--- Data shown Enclosed Below ---
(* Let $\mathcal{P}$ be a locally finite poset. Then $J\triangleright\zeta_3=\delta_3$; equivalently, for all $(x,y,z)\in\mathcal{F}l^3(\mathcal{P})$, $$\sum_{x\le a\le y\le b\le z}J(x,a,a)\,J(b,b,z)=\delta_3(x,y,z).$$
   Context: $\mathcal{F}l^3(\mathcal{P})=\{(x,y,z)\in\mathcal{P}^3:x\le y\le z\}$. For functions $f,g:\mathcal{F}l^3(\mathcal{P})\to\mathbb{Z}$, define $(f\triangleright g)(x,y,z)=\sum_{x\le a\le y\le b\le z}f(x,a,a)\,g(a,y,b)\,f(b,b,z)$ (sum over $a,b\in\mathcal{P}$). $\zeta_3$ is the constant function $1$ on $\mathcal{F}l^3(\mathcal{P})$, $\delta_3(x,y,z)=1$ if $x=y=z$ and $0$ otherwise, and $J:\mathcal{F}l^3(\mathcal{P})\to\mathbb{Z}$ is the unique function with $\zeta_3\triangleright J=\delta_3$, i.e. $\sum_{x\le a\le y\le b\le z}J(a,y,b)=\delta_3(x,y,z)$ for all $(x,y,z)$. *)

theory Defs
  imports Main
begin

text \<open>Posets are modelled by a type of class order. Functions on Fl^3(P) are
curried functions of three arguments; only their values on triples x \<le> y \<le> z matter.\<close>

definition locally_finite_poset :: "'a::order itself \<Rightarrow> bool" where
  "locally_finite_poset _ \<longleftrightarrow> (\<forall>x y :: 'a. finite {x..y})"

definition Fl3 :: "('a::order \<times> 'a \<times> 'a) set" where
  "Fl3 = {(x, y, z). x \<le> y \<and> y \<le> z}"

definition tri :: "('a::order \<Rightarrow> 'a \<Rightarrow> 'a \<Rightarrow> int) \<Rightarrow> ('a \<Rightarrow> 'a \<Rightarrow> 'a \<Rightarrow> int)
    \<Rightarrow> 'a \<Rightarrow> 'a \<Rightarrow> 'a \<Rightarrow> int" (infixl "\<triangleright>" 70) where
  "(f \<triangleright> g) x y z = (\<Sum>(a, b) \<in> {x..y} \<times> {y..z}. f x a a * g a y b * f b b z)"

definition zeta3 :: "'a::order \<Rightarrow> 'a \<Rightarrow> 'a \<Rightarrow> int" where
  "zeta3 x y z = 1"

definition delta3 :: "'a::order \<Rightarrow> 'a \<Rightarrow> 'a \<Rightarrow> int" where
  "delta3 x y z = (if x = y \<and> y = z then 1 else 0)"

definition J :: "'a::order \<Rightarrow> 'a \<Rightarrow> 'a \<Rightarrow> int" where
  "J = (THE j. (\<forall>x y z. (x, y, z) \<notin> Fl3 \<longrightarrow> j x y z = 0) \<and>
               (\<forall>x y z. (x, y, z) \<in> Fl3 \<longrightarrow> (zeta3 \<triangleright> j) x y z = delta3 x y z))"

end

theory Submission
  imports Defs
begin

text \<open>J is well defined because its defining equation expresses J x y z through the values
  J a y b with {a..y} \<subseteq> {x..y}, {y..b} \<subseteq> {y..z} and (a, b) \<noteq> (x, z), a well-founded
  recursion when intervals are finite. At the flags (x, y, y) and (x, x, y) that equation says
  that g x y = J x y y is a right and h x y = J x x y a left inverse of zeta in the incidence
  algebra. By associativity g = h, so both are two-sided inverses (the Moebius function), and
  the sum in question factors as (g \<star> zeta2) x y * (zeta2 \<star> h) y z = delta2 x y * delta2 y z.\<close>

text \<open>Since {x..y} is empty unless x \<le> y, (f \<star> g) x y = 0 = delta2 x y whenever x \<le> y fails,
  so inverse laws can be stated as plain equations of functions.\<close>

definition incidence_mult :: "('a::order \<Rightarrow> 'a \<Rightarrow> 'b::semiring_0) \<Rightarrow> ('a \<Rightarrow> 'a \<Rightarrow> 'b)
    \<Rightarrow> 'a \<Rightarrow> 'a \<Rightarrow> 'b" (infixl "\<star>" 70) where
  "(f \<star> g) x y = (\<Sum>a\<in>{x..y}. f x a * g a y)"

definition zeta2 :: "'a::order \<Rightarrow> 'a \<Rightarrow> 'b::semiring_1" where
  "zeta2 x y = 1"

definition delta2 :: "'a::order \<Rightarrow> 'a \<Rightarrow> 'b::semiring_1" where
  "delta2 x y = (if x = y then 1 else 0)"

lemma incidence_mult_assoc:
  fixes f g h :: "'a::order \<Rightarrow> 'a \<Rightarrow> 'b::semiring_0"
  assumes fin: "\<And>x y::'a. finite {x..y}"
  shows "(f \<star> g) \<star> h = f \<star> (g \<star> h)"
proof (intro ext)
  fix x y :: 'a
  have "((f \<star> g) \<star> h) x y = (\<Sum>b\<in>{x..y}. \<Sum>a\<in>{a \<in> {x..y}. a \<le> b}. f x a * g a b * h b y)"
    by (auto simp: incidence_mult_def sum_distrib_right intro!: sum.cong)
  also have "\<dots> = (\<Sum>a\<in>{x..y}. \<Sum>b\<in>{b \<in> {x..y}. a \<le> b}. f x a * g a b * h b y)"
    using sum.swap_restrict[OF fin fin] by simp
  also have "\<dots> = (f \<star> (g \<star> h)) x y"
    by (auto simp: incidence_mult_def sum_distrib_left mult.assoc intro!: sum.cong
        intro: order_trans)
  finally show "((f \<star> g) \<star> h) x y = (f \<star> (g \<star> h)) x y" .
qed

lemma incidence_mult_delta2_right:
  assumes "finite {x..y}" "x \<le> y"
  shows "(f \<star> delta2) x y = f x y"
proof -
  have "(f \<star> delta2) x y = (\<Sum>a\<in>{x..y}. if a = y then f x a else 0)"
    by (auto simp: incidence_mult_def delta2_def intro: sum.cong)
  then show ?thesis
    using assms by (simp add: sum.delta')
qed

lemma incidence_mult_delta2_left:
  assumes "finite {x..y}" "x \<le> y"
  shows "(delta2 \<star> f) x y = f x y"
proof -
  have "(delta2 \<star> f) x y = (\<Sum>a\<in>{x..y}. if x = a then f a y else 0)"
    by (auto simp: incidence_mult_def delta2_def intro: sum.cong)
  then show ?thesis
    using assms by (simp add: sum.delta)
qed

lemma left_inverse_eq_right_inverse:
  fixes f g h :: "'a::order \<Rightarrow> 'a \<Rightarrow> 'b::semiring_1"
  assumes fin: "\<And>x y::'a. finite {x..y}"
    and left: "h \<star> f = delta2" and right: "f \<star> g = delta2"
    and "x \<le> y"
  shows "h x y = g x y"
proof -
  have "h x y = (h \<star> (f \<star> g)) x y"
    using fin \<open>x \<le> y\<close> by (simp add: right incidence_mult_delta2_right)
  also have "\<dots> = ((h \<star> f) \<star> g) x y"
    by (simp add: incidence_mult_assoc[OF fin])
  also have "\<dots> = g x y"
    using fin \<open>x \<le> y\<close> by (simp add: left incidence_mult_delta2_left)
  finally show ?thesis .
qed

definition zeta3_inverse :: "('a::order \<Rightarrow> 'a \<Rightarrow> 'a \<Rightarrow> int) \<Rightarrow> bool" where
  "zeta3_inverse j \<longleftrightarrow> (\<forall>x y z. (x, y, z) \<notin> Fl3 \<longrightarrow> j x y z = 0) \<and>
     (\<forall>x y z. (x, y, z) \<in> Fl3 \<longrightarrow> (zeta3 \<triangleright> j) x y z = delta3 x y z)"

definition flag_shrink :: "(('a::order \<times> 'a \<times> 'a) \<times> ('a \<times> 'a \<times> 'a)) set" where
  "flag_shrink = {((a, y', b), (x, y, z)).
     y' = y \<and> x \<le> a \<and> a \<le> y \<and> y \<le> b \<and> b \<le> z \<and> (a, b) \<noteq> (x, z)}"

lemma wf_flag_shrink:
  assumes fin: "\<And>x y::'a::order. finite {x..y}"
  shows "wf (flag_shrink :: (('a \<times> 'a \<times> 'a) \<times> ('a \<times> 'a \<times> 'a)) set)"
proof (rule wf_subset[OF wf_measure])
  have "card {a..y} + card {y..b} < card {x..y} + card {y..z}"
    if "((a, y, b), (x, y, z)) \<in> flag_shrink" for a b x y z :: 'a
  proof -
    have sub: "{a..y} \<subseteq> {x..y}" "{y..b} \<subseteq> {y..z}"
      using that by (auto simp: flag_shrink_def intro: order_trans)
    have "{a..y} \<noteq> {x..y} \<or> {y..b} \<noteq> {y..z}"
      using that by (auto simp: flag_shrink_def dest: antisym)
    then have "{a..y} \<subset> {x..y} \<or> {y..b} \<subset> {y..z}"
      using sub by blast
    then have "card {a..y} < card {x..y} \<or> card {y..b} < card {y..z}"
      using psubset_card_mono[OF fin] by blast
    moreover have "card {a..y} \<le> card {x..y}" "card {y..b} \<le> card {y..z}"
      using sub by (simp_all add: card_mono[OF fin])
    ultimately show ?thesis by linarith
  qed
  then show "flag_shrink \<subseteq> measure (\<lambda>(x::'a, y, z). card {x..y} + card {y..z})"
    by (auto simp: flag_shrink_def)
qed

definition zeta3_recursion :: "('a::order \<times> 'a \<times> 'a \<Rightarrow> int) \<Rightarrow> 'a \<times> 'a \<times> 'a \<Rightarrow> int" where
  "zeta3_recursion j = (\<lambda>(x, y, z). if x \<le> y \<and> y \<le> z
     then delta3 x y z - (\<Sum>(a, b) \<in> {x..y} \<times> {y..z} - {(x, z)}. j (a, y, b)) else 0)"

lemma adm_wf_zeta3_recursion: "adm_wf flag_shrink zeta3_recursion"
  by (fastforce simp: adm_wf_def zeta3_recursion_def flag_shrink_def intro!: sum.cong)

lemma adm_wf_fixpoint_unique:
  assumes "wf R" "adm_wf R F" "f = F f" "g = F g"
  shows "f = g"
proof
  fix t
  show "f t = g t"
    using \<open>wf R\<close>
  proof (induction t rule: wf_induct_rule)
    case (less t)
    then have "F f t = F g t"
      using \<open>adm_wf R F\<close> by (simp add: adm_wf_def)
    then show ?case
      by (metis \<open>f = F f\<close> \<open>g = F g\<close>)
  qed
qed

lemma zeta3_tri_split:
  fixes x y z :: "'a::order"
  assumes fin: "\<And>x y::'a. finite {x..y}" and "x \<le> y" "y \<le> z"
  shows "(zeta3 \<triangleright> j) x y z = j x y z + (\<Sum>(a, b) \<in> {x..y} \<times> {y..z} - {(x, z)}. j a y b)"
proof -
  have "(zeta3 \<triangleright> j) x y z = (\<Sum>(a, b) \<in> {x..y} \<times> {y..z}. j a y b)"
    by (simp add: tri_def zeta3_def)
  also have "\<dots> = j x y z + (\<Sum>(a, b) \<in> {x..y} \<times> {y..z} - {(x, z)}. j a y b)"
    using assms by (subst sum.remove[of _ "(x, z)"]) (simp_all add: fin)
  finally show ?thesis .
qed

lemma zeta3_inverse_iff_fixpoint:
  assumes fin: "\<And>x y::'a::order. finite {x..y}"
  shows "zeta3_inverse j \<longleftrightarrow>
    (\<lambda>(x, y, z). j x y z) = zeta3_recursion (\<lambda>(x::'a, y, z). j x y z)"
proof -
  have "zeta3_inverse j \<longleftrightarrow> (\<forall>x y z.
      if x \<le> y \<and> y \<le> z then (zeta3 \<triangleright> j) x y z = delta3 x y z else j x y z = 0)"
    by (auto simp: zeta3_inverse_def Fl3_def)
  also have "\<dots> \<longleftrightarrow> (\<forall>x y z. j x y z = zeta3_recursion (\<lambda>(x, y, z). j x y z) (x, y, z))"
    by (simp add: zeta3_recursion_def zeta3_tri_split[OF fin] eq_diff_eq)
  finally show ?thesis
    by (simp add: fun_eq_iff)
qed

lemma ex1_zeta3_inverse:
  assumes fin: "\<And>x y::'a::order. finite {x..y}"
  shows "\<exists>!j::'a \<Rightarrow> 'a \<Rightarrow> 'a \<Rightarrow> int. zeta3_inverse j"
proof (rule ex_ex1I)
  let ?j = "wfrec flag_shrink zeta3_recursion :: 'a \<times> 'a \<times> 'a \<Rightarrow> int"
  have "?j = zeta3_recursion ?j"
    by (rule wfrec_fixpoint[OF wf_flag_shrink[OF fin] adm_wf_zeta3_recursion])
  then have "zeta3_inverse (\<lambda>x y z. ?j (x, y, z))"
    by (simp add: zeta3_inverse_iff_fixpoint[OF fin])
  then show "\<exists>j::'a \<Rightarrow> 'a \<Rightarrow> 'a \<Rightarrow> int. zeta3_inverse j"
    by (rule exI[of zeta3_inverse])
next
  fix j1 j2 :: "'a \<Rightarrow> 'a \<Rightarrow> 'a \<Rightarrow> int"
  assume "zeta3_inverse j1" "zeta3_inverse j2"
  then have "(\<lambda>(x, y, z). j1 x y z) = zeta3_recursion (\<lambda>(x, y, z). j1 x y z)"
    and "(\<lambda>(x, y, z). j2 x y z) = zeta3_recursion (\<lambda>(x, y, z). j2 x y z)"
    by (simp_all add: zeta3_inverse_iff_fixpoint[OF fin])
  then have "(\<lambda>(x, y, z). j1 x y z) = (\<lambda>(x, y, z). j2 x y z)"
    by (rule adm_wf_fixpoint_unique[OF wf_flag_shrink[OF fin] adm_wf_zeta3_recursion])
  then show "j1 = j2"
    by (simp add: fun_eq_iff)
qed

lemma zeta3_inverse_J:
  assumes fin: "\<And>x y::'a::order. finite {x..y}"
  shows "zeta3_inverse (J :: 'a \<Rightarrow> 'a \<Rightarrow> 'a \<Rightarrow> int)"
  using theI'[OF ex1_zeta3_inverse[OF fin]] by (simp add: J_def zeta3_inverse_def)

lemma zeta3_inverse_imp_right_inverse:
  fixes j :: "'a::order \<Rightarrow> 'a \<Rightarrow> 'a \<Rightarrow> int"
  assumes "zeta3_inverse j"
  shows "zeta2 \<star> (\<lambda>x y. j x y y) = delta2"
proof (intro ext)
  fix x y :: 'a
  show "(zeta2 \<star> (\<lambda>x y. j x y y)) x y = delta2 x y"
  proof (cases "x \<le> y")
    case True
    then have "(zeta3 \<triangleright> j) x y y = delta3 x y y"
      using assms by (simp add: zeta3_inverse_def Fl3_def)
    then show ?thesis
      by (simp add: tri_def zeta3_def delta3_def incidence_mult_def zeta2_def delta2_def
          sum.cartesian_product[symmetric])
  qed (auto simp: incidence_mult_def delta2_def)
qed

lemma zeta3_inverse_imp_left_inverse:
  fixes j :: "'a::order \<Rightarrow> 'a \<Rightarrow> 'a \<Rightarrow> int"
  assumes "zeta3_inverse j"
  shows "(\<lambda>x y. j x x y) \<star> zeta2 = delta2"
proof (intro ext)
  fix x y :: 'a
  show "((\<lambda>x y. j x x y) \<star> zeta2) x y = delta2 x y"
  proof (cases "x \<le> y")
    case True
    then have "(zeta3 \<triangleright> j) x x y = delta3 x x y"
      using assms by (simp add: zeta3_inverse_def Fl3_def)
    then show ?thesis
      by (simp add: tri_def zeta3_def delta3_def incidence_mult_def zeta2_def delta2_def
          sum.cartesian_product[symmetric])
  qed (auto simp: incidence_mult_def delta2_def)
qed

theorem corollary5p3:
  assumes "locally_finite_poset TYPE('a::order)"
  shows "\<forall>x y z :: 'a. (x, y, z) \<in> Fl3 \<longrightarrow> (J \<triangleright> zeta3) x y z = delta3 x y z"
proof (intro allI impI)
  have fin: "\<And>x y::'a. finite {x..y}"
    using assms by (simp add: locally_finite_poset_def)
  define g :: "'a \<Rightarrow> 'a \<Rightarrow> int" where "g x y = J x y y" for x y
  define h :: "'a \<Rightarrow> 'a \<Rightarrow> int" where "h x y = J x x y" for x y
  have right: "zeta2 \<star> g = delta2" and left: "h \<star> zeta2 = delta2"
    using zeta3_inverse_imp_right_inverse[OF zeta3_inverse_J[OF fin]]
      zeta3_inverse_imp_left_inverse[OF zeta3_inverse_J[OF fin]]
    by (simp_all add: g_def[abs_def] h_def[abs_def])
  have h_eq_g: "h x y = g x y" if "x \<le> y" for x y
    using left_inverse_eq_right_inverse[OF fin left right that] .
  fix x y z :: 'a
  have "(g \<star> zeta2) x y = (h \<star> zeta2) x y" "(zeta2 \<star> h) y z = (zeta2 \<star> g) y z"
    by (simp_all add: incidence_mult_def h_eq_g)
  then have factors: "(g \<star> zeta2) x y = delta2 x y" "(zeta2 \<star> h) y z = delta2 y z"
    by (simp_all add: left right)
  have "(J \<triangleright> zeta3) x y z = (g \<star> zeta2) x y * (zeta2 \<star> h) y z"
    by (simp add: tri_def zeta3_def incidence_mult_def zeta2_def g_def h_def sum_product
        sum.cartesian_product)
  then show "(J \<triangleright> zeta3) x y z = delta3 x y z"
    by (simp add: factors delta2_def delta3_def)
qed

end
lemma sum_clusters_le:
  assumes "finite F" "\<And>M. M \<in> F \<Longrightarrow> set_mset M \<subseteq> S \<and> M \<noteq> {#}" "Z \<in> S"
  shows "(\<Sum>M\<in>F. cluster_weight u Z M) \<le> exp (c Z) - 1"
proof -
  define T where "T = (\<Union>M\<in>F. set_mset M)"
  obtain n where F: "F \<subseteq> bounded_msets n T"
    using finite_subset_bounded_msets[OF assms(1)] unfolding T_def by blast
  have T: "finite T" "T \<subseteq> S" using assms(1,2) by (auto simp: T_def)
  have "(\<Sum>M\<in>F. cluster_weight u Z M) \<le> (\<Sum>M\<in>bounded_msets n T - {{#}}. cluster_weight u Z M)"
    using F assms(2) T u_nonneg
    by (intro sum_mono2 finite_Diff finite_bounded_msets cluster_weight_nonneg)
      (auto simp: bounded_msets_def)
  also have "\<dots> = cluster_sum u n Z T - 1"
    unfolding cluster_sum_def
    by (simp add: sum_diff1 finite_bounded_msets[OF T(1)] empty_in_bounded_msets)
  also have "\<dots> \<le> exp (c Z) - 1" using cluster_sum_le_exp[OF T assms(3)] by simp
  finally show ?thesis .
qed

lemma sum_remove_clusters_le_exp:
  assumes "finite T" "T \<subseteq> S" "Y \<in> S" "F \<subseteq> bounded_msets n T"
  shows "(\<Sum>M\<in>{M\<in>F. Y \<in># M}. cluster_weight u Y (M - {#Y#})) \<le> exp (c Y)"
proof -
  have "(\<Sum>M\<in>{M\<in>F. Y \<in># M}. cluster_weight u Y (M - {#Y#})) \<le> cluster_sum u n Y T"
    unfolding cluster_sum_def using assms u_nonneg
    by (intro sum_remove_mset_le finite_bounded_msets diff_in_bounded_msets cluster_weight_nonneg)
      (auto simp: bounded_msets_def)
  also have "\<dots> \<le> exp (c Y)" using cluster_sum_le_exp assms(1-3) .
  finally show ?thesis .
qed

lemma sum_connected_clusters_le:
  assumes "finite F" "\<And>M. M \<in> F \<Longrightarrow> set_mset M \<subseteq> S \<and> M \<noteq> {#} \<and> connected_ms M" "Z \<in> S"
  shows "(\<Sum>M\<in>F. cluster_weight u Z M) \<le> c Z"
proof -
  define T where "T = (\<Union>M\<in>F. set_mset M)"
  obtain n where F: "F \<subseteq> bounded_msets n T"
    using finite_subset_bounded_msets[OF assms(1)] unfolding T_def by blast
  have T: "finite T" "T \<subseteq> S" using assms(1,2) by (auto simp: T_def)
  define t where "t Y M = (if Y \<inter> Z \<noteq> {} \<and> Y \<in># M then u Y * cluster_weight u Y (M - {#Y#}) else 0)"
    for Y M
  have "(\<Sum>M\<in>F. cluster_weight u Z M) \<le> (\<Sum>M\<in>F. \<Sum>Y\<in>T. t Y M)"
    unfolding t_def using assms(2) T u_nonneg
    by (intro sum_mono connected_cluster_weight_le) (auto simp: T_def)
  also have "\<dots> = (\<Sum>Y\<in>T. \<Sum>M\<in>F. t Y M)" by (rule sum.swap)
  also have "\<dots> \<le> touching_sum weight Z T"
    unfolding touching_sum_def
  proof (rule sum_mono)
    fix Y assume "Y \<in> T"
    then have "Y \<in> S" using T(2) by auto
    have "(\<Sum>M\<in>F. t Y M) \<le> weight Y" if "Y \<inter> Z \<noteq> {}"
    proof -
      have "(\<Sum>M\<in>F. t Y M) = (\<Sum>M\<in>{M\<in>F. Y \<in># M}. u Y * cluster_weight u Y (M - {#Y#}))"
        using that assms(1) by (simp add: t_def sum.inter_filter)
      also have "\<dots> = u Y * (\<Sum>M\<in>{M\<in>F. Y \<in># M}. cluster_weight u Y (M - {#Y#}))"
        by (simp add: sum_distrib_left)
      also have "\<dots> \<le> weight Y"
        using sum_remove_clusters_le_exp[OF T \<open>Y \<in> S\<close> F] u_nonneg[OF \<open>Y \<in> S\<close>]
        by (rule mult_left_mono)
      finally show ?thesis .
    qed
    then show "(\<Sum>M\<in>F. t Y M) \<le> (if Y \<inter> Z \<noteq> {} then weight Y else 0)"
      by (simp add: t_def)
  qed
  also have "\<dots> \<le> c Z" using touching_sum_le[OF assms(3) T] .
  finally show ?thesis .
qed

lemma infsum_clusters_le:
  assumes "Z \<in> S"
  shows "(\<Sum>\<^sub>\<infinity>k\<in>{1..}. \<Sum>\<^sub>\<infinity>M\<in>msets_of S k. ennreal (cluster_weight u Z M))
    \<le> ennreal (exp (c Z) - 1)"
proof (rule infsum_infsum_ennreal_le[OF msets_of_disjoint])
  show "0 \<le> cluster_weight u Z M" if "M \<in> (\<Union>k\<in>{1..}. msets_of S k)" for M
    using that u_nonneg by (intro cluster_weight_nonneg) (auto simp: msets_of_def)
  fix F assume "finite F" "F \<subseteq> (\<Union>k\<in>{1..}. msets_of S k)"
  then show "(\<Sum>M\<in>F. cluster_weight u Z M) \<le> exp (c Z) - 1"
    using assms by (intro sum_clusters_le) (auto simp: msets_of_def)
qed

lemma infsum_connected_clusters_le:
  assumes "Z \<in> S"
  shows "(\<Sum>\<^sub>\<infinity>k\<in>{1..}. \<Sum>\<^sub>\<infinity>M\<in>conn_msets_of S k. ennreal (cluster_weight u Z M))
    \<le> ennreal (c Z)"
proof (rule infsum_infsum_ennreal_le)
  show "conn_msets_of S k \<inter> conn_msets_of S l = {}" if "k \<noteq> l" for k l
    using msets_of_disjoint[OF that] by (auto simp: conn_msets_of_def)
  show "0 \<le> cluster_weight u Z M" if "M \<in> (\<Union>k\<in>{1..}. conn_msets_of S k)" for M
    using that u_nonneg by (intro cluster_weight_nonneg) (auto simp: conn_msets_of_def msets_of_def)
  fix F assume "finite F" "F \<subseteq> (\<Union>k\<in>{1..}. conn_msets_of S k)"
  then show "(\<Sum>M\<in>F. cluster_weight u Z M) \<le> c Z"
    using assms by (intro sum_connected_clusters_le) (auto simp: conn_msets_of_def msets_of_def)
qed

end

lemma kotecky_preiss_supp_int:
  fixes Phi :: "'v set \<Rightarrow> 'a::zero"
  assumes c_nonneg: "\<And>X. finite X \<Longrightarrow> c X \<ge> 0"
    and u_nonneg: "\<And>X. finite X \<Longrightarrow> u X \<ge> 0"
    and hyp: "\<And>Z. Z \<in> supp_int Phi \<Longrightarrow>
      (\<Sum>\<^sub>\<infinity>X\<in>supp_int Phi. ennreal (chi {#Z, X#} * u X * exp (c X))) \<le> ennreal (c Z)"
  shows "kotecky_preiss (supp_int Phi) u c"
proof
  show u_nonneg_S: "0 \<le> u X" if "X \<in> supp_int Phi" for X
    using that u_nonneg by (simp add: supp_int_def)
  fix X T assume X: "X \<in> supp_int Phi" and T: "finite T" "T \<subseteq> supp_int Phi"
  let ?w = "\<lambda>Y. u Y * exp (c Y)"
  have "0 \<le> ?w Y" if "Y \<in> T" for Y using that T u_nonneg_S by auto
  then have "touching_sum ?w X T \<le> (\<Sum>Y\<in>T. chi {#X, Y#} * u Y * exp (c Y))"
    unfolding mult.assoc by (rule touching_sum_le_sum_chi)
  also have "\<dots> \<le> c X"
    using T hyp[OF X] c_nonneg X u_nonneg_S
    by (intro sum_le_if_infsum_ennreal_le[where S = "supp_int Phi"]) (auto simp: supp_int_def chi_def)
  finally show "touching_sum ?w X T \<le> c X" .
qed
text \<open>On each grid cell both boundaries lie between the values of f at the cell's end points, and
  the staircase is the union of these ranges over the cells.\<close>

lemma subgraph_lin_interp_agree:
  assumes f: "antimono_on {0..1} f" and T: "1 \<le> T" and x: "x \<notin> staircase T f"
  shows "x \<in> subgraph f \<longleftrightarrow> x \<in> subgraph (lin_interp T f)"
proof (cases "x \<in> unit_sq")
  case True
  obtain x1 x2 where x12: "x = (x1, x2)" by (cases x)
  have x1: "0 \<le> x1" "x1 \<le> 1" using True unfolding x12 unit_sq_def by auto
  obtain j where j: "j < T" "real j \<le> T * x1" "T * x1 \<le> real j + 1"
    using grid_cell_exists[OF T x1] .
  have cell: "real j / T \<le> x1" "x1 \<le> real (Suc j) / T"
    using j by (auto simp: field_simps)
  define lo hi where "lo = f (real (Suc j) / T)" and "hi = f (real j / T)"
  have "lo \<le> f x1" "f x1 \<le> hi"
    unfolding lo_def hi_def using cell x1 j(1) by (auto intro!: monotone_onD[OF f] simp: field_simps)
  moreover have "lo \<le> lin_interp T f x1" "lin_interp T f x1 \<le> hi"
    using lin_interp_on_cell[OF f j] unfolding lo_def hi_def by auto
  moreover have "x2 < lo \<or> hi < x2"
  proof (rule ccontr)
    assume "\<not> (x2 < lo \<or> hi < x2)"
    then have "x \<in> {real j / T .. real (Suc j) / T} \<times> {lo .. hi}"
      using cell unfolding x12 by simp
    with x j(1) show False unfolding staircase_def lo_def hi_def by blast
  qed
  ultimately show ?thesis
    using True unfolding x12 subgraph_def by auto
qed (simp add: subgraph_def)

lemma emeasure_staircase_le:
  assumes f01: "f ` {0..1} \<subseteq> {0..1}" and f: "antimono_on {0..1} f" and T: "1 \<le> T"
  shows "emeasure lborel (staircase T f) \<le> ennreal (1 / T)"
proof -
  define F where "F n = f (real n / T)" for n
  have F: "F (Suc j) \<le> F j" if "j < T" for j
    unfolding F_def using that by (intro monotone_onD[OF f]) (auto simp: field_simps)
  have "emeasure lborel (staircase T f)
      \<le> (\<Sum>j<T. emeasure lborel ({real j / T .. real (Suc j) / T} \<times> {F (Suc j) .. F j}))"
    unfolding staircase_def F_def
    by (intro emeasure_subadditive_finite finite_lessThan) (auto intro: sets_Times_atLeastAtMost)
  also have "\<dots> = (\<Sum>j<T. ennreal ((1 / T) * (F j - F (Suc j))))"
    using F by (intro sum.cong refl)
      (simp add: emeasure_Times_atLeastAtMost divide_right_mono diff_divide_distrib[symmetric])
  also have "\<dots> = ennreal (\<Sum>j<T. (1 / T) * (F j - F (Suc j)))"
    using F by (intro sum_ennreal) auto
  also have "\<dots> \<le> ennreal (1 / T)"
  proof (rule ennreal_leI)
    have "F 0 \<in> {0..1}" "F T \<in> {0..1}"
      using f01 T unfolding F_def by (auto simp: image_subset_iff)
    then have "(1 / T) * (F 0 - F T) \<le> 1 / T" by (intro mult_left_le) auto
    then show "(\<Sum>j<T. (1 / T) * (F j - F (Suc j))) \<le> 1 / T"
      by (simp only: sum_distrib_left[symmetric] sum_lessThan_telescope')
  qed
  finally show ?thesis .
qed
--- End of Enclosed Data shown ---
• [What is expected]
For each line in the data above that contains the string "only", extract the line.

• [Task output]
curried functions of three arguments; only their values on triples x \<le> y \<le> z matter.\<close>
      by (simp only: sum_distrib_left[symmetric] sum_lessThan_telescope')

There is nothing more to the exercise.